Dio1: Deiodinase 1; Hrl: Hairless; WAT: White adipose tissue; SREBP-1c: Sterol regulatory element binding protein 1c; ACC: Acetyl CoA Carboxylase; FAS: Fatty acid synthase; DGAT2: Diacylglycerol O-acyltransferase 2; G6Pase: Glucose 6 Phosphatase; L-PK: L-Pyruvate kinase; PPARα: Peroxisome proliferator-activated receptor alpha; PGC1-α: Peroxisome proliferator-activated receptor gamma coactivator 1-alpha; CPT1a: Carnitine Palmitoyltransferase-1A; FGF21: Fibroblast growth factor 21; NCoR1: Nuclear receptor corepressor 1; Nrip1: Nuclear receptor interacting protein 1; Trb3: Tribbles pseudokinase 3. n = 4–10 per group.

T2 putatively activates the SIRT1, leading to deacetylation and activation of PGC-1α and SREBP-1c which then alter expression of genes involved in of glucose metabolism and fat metabolism [18]. Thus, we measured the expression of genes thought to be important for T2 action (Table 4). Expression of the glycolytic gene L-PK and the gluconeogenic gene glucose 6-phosphatase were unchanged. There was a non-significant tendency towards decreased expression of fatty acid synthase (P = 0.14), but acetyl coa carboxylase expression was unchanged. Expression of ppara and carnitine palmitoyltransferase 1a were unchanged.

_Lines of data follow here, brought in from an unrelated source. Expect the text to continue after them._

lemma rmms_partial_allocation:
  assumes "finite N" "a \<in> N" "\<forall>j\<in>N. rmms_prop R (v j) (card N) (t j)"
  \<comment> \<open>If all of N is matched, the RMMS property for no remaining agents is vacuous,
    so that the matched bundles exhaust R has to be recorded separately.\<close>
  obtains Y S A where "Y \<noteq> {}" "Y \<subseteq> N" "S \<subseteq> R" "Y = N \<longrightarrow> S = R"
    "is_allocation Y S A" "\<forall>y\<in>Y. t y \<le> v y (A y)"
    "\<forall>p\<in>N - Y. rmms_prop (R - S) (v p) (card (N - Y)) (t p)"
proof -
  define k where "k = card N"
  have "0 < k"
    using assms(1,2) by (auto simp: k_def card_gt_0_iff)
  then obtain C where C: "is_allocation {..<k} R C" "\<forall>q<k. t a \<le> v a (C q)"
    using rmms_prop_partition assms(2,3) unfolding k_def is_partition_iff_allocation by blast
  define likes where "likes j = {q\<in>{..<k}. t j \<le> v j (C q)}" for j
  obtain Y f where "Y \<noteq> {}" and EF: "envy_free_matching N likes Y f"
    using envy_free_matching_exists[of N "{..<k}" a likes] assms(1,2) C(2)
    by (auto simp: k_def likes_def)
  then have Y: "Y \<noteq> {}" "Y \<subseteq> N" "inj_on f Y" "\<forall>y\<in>Y. f y < k \<and> t y \<le> v y (C (f y))"
    unfolding envy_free_matching_def likes_def by auto
  have unmatched: "v p (C (f y)) < t p" if "p \<in> N - Y" "y \<in> Y" for p y
  proof -
    have "f y \<notin> likes p"
      using EF that unfolding envy_free_matching_def by blast
    then show ?thesis
      using Y(4) that(2) by (auto simp: likes_def)
  qed
  define S where "S = \<Union>(C ` f ` Y)"
  have "f ` Y \<subseteq> {..<k}"
    using Y(4) by auto
  then have alloc: "is_allocation Y S (C \<circ> f)"
    using is_allocation_reindex[OF C(1) Y(3)] by (simp add: S_def)
  have "S \<subseteq> R"
    using C(1) \<open>f ` Y \<subseteq> {..<k}\<close> unfolding S_def is_allocation_def by auto
  moreover have "S = R" if "Y = N"
  proof -
    have "f ` N = {..<k}"
      using Y(3) \<open>f ` Y \<subseteq> {..<k}\<close> that by (simp add: k_def card_subset_eq card_image)
    then show ?thesis
      using C(1) that unfolding S_def is_allocation_def by simp
  qed
  moreover note alloc
  moreover have "rmms_prop (R - S) (v p) (card (N - Y)) (t p)" if "p \<in> N - Y" for p
  proof -
    have "card (N - Y) = card N - card Y" "card Y \<le> card N" "finite Y"
      using Y(2) assms(1) by (auto simp: card_Diff_subset card_mono finite_subset)
    then show ?thesis
      using rmms_prop_Diff_family[of R "v p" "card N" "t p" Y "C \<circ> f"] assms(3) that
        alloc \<open>S \<subseteq> R\<close> unmatched
      by (auto simp: S_def is_allocation_def)
  qed
  ultimately show ?thesis
    using that Y by auto
qed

Additionally, we measured the expression of srebp1c, diacylglycerol acyltransferase 2, a key acyl transferase, and pgc1a, a master regulator of mitochondrial biogenesis. All were unchanged. Finally, we measured the expression of adipokines that can improve insulin sensitivity, including white adipose derived adiponectin, leptin, and fgf21. The mRNA expression of all of these genes was not significantly changed.

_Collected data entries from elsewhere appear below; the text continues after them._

theorem lemma4p1:
  fixes F :: "'a::banach \<Rightarrow> 'b::banach"
    and F' :: "'a \<Rightarrow> ('a \<Rightarrow>\<^sub>L 'b)"
    and Finv :: "'b \<Rightarrow>\<^sub>L 'a"
    and C :: "'a set" and x0 :: 'a and R :: real
    and f f' :: "real \<Rightarrow> real"
    and t \<epsilon> \<theta> :: real and x y :: 'a
  assumes F_cont: "continuous_on C F"
    and F_deriv: "\<And>z. z \<in> interior C \<Longrightarrow> (F has_derivative blinfun_apply (F' z)) (at z)"
    and F'_cont: "continuous_on (interior C) F'"
    and x0_int: "x0 \<in> interior C"
    and Finv_left: "Finv o\<^sub>L F' x0 = id_blinfun"
    and Finv_right: "F' x0 o\<^sub>L Finv = id_blinfun"
    and f_deriv: "\<And>s. s \<in> {0..<R} \<Longrightarrow> (f has_real_derivative f' s) (at s within {0..<R})"
    and f'_cont: "continuous_on {0..<R} f'"
    and ball_sub: "ball x0 R \<subseteq> C"
    and majorant: "\<And>u v. u \<in> ball x0 R \<Longrightarrow> v \<in> ball x0 R \<Longrightarrow> norm (u - x0) + norm (v - u) < R \<Longrightarrow>
        norm (Finv o\<^sub>L (F' v - F' u)) \<le> f' (norm (v - u) + norm (u - x0)) - f' (norm (u - x0))"
    and init: "norm (Finv (F x0)) \<le> f 0"
    and h1: "f 0 > 0" "f' 0 = -1"
    and h2: "strict_mono_on {0..<R} f'" "convex_on {0..<R} f'"
    and h3: "\<exists>s\<in>{0<..<R}. f s < 0"
    and t_nn: "t \<ge> 0" and eps_nn: "\<epsilon> \<ge> 0" and theta_nn: "\<theta> \<ge> 0"
    and xC: "x \<in> C"
    and x_t: "norm (x - x0) \<le> t" and t_lt: "t < tbar f' R"
    and Fx: "norm (Finv (F x)) \<le> f t + \<epsilon>"
    and step_lt: "t - (1 + \<theta>) * ((f t + \<epsilon>) / f' t) < R"
    and y_inexact: "norm (Finv (F x + F' x (y - x))) \<le> \<theta> * norm (Finv (F x))"
  shows "norm (y - x) \<le> - ((1 + \<theta>) * ((f t + \<epsilon>) / f' t))
    \<and> norm (y - x0) \<le> t - (1 + \<theta>) * ((f t + \<epsilon>) / f' t)
    \<and> t - (1 + \<theta>) * ((f t + \<epsilon>) / f' t) < R
    \<and> norm (Finv (F y)) \<le> f (t - (1 + \<theta>) * ((f t + \<epsilon>) / f' t)) + \<epsilon> + 2 * \<theta> * (f t + \<epsilon>)"
proof -
  have "0 < R" using h3 by auto
  with less_tbarD[OF t_lt t_nn] h1(2) strict_mono_on_imp_mono_on[OF h2(1)]
  have "t < R" and f't_neg: "f' t < 0" by auto
  have "ball x0 R \<subseteq> interior C" using ball_sub by (simp add: interior_maximal)
  then interpret majorant_condition F F' Finv x0 R f f'
    using F_deriv Finv_left majorant f_deriv h1(2) strict_mono_on_imp_mono_on[OF h2(1)] h2(2)
    by unfold_locales auto
  define D where "D = - ((1 + \<theta>) * ((f t + \<epsilon>) / f' t))"
  have D_step: "f' t * D = - ((1 + \<theta>) * (f t + \<epsilon>))"
    using f't_neg by (simp add: D_def)
  have "norm (Finv (F' x (y - x))) \<le> norm (Finv (F x + F' x (y - x))) + norm (Finv (F x))"
    using norm_triangle_ineq4[of "Finv (F x + F' x (y - x))" "Finv (F x)"] by (simp add: blinfun.add_right)
  also have "\<dots> \<le> (1 + \<theta>) * (f t + \<epsilon>)"
    using y_inexact Fx mult_left_mono[OF Fx theta_nn] by (simp add: algebra_simps)
  finally have "- f' t * norm (y - x) \<le> - f' t * D"
    using derivative_lower_bound[OF x_t \<open>t < R\<close>, of "y - x"] D_step by simp
  then have step_le: "norm (y - x) \<le> D"
    using f't_neg by simp
  have "norm (y - x0) \<le> t + D"
    using norm_triangle_ineq[of "y - x" "x - x0"] x_t step_le by simp
  have "norm (Finv (F y)) \<le> norm (Finv (F x + F' x (y - x))) + norm (Finv (F y - F x - F' x (y - x)))"
    using norm_triangle_ineq[of "Finv (F x + F' x (y - x))" "Finv (F y - F x - F' x (y - x))"]
    by (simp add: blinfun.add_right blinfun.diff_right)
  moreover have "norm (Finv (F y - F x - F' x (y - x))) \<le> f (t + D) - f t - f' t * D"
    using linearization_error_majorant[OF x_t step_le t_nn] step_lt by (simp add: D_def)
  ultimately have "norm (Finv (F y)) \<le> f (t + D) + \<epsilon> + 2 * \<theta> * (f t + \<epsilon>)"
    using y_inexact mult_left_mono[OF Fx theta_nn] D_step by (simp add: algebra_simps)
  moreover have step_eq: "t - (1 + \<theta>) * ((f t + \<epsilon>) / f' t) = t + D"
    by (simp add: D_def)
  ultimately show ?thesis
    using step_le step_lt \<open>norm (y - x0) \<le> t + D\<close> unfolding step_eq D_def[symmetric] by simp
qed

end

T2 treatment and hepatocellular stress

Though T2 did not alter hepatic lipid content or hepatic glucose metabolism in response to insulin, there were changes in canonical insulin signaling pathways that merited further investigation. Multiple pathways may impact insulin signaling, including the unfolded protein response ("endoplasmic reticulum stress") and inflammatory cytokine signaling pathways [28]. There was no change in the expression of proteins that mediate ER stress, such as glucose regulated protein 78 (GRP78, or "BiP") or calnexin (S1 Fig) with T2 treatment. Drosophila tribbles homologue 3/ Tribbles pseudokinase 3 (Trb3) can directly connect the unfolded protein response to inhibition of Akt phosphorylation in several tissue types [3133], but no change was seen in the expression of this gene (Table 4, P = 0.6). Inflammosome activation as assessed by procaspase 1 cleavage was not significantly reduced by T2 treatment (procaspase 1 cleaveage decreased by 19%, P = 0.16, S2 Fig). Many hepatic inflammatory pathways and the unfolded protein response converge on c-Jun N-terminal kinase (JNK) phosphorylation. There was a 44% reduction in JNK phosphorylation in T2 treated rats, as compared with vehicle-treated animals (Fig 4, P < 0.01). JNK activation is thought to impact energy balance by indirectly repressing peroxisome proliferator-activated receptor α (PPARα) activity through reductions in the expression of PPARα corepressors NCoR and Nrip, leading to decreased PPARα-regulated FGF21 expression, driving alterations in lipid and ketone body metabolism [34]. However, we observed no difference in expression of NCoR or Nrip (Table 4), and fgf21 trended lower (hepatic fgf21 expression decreased by 47%, P = 0.06, Table 4), arguing against PPARα activation. Thus, while the reduced activation of JNK is intriguing, this did not impart meaningful changes in putative downstream pathways nor did it ultimately improve hepatic insulin sensitivity.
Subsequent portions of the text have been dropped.